◆ DATA LISTING
lemma rt_char:
  assumes p: "prime p" and x: "x \<in> carrier K" and y: "y \<in> carrier K"
  shows "char_idem K p \<otimes> y = \<zero> \<and> y [^] p \<oplus> char_idem K p \<otimes> x = x \<longleftrightarrow> y = rt K p x"
proof (cases "alg_char K = p")
  case True
  have "y [^] p = x \<longleftrightarrow> y = rt K p x"
    using nat_pow_char_inj[OF p True y rt_closed[OF p x]] rt_pow_eq[OF p x True] by auto
  with True p x y show ?thesis by (simp add: char_idem_eq)
next
  case False
  have "p \<noteq> 0" using p by auto
  with False p x y show ?thesis by (auto simp: char_idem_eq rt_eq_zero nat_pow_zero)
qed

end

locale icm_embedding =
  fixes A :: "'a icm_alg" and I :: "'i set" and F :: "'i \<Rightarrow> 'c icm_alg" and e :: "'a \<Rightarrow> 'i \<Rightarrow> 'c"
  assumes algebra: "icm_algebra A"
    and fields: "\<forall>i\<in>I. implicitly_closed_field (F i)"
    and hom: "e \<in> icm_hom A (prod_alg I F)"
    and inj: "inj_on e (carrier A)"
begin

lemma ic_field: "i \<in> I \<Longrightarrow> ic_field (F i)"
  using fields unfolding ic_field_def ic_field_axioms_def
  by (simp add: implicitly_closed_field_def weakly_rooted_def)

lemma cring_F [simp]: "i \<in> I \<Longrightarrow> cring (F i)"
  using ic_field by (simp add: ic_field_def fieldE(1))

lemma one_closed [simp]: "\<one>\<^bsub>A\<^esub> \<in> carrier A"
  and zero_closed [simp]: "\<zero>\<^bsub>A\<^esub> \<in> carrier A"
  and add_closed [simp]: "s \<in> carrier A \<Longrightarrow> t \<in> carrier A \<Longrightarrow> s \<oplus>\<^bsub>A\<^esub> t \<in> carrier A"
  and mult_closed [simp]: "s \<in> carrier A \<Longrightarrow> t \<in> carrier A \<Longrightarrow> s \<otimes>\<^bsub>A\<^esub> t \<in> carrier A"
  and neg_exists: "s \<in> carrier A \<Longrightarrow> \<exists>t\<in>carrier A. s \<oplus>\<^bsub>A\<^esub> t = \<zero>\<^bsub>A\<^esub>"
  and winv_closed [simp]: "s \<in> carrier A \<Longrightarrow> winv A s \<in> carrier A"
  and rt_closed [simp]: "prime p \<Longrightarrow> s \<in> carrier A \<Longrightarrow> rt A p s \<in> carrier A"
  using algebra unfolding icm_algebra_def by auto

lemma e_closed [simp]: "s \<in> carrier A \<Longrightarrow> i \<in> I \<Longrightarrow> e s i \<in> carrier (F i)"
  and e_add [simp]: "s \<in> carrier A \<Longrightarrow> t \<in> carrier A \<Longrightarrow> i \<in> I \<Longrightarrow>
    e (s \<oplus>\<^bsub>A\<^esub> t) i = e s i \<oplus>\<^bsub>F i\<^esub> e t i"
  and e_mult [simp]: "s \<in> carrier A \<Longrightarrow> t \<in> carrier A \<Longrightarrow> i \<in> I \<Longrightarrow>
    e (s \<otimes>\<^bsub>A\<^esub> t) i = e s i \<otimes>\<^bsub>F i\<^esub> e t i"
  and e_one [simp]: "i \<in> I \<Longrightarrow> e \<one>\<^bsub>A\<^esub> i = \<one>\<^bsub>F i\<^esub>"
  and e_zero [simp]: "i \<in> I \<Longrightarrow> e \<zero>\<^bsub>A\<^esub> i = \<zero>\<^bsub>F i\<^esub>"
  and e_winv [simp]: "s \<in> carrier A \<Longrightarrow> i \<in> I \<Longrightarrow> e (winv A s) i = winv (F i) (e s i)"
  and e_rt [simp]: "prime p \<Longrightarrow> s \<in> carrier A \<Longrightarrow> i \<in> I \<Longrightarrow> e (rt A p s) i = rt (F i) p (e s i)"
  using hom unfolding icm_hom_def ring_hom_def prod_alg_def by (auto simp: PiE_iff)

lemma eq_iff_components:
  assumes "s \<in> carrier A" and "t \<in> carrier A"
  shows "s = t \<longleftrightarrow> (\<forall>i\<in>I. e s i = e t i)"
proof -
  have "e s \<in> carrier (prod_alg I F)" and "e t \<in> carrier (prod_alg I F)"
    using hom assms unfolding icm_hom_def ring_hom_def by auto
  then have "e s = e t \<longleftrightarrow> (\<forall>i\<in>I. e s i = e t i)"
    unfolding prod_alg_def by (auto intro: PiE_ext)
  with inj assms show ?thesis by (auto dest: inj_onD)
qed

lemma cring: "cring A"
proof (rule cringI)
  show "abelian_group A"
  proof (rule abelian_groupI)
    fix s assume s: "s \<in> carrier A"
    then obtain t where t: "t \<in> carrier A" "s \<oplus>\<^bsub>A\<^esub> t = \<zero>\<^bsub>A\<^esub>"
      using neg_exists by blast
    with s show "\<exists>t\<in>carrier A. t \<oplus>\<^bsub>A\<^esub> s = \<zero>\<^bsub>A\<^esub>"
      by (intro bexI[of _ t]) (auto simp: eq_iff_components cring.cring_simprules)
  qed (auto simp: eq_iff_components cring.cring_simprules)
  show "comm_monoid A"
    by (rule comm_monoidI) (auto simp: eq_iff_components cring.cring_simprules)
qed (auto simp: eq_iff_components cring.cring_simprules)

sublocale A: cring A
  by (rule cring)

lemma e_nat_pow [simp]:
  "s \<in> carrier A \<Longrightarrow> i \<in> I \<Longrightarrow> e (s [^]\<^bsub>A\<^esub> (n::nat)) i = e s i [^]\<^bsub>F i\<^esub> n"
  by (induction n) auto

lemma e_add_pow_one [simp]:
  "i \<in> I \<Longrightarrow> e ([(n::nat)] \<cdot>\<^bsub>A\<^esub> \<one>\<^bsub>A\<^esub>) i = [n] \<cdot>\<^bsub>F i\<^esub> \<one>\<^bsub>F i\<^esub>"
  by (induction n) (simp_all add: add_pow_def[where R = "F i"])

lemma e_char_idem [simp]: "i \<in> I \<Longrightarrow> e (char_idem A p) i = char_idem (F i) p"
  by (simp add: char_idem_def)

lemma winv_char:
  assumes x: "x \<in> carrier A" and y: "y \<in> carrier A"
  shows "x \<otimes>\<^bsub>A\<^esub> y \<otimes>\<^bsub>A\<^esub> x = x \<and> y \<otimes>\<^bsub>A\<^esub> x \<otimes>\<^bsub>A\<^esub> y = y \<longleftrightarrow> y = winv A x"
proof -
  have "x \<otimes>\<^bsub>A\<^esub> y \<otimes>\<^bsub>A\<^esub> x = x \<and> y \<otimes>\<^bsub>A\<^esub> x \<otimes>\<^bsub>A\<^esub> y = y \<longleftrightarrow>
      (\<forall>i\<in>I. e x i \<otimes>\<^bsub>F i\<^esub> e y i \<otimes>\<^bsub>F i\<^esub> e x i = e x i \<and>
              e y i \<otimes>\<^bsub>F i\<^esub> e x i \<otimes>\<^bsub>F i\<^esub> e y i = e y i)"
    using x y by (auto simp: eq_iff_components)
  also have "\<dots> \<longleftrightarrow> (\<forall>i\<in>I. e y i = winv (F i) (e x i))"
    using x y by (simp add: ic_field.winv_char[OF ic_field])
  also have "\<dots> \<longleftrightarrow> y = winv A x"
    using x y by (simp add: eq_iff_components)
  finally show ?thesis .
qed

lemma rt_char:
  assumes p: "prime p" and x: "x \<in> carrier A" and y: "y \<in> carrier A"
  shows "char_idem A p \<otimes>\<^bsub>A\<^esub> y = \<zero>\<^bsub>A\<^esub> \<and>
      y [^]\<^bsub>A\<^esub> p \<oplus>\<^bsub>A\<^esub> char_idem A p \<otimes>\<^bsub>A\<^esub> x = x \<longleftrightarrow> y = rt A p x"
proof -
  have c: "char_idem A p \<in> carrier A"
    by (simp add: char_idem_def)
  have "char_idem A p \<otimes>\<^bsub>A\<^esub> y = \<zero>\<^bsub>A\<^esub> \<and>
      y [^]\<^bsub>A\<^esub> p \<oplus>\<^bsub>A\<^esub> char_idem A p \<otimes>\<^bsub>A\<^esub> x = x \<longleftrightarrow>
      (\<forall>i\<in>I. char_idem (F i) p \<otimes>\<^bsub>F i\<^esub> e y i = \<zero>\<^bsub>F i\<^esub> \<and>
         e y i [^]\<^bsub>F i\<^esub> p \<oplus>\<^bsub>F i\<^esub> char_idem (F i) p \<otimes>\<^bsub>F i\<^esub> e x i = e x i)"
    using x y c by (auto simp: eq_iff_components)
  also have "\<dots> \<longleftrightarrow> (\<forall>i\<in>I. e y i = rt (F i) p (e x i))"
    using p x y by (simp add: ic_field.rt_char[OF ic_field])
  also have "\<dots> \<longleftrightarrow> y = rt A p x"
    using p x y by (simp add: eq_iff_components)
  finally show ?thesis .
qed

end

lemma (in ring_hom_ring) hom_add_pow:
  "x \<in> carrier R \<Longrightarrow> h ([(n::nat)] \<cdot> x) = [n] \<cdot>\<^bsub>S\<^esub> h x"
  by (induction n) auto

lemma ICM_imp_icm_embedding:
  "ICM TYPE('i) TYPE('c) A \<Longrightarrow> \<exists>(I :: 'i set) (F :: 'i \<Rightarrow> 'c icm_alg) e. icm_embedding A I F e"
  unfolding ICM_def icm_embedding_def by blast

locale icm_ring_hom =
  a: icm_embedding A IA FA eA + b: icm_embedding B IB FB eB
  for A :: "'a icm_alg" and IA :: "'i1 set" and FA :: "'i1 \<Rightarrow> 'c1 icm_alg" and eA
    and B :: "'b icm_alg" and IB :: "'i2 set" and FB :: "'i2 \<Rightarrow> 'c2 icm_alg" and eB +
  fixes h :: "'a \<Rightarrow> 'b"
  assumes ring_hom: "h \<in> ring_hom A B"
begin

sublocale ring_hom_cring A B h
  by unfold_locales (rule ring_hom)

◆ REQUIRED WORK
Check each line of the entries, and copy the ones that contain "True".

◆ REPLY
  case True
    using nat_pow_char_inj[OF p True y rt_closed[OF p x]] rt_pow_eq[OF p x True] by auto
  with True p x y show ?thesis by (simp add: char_idem_eq)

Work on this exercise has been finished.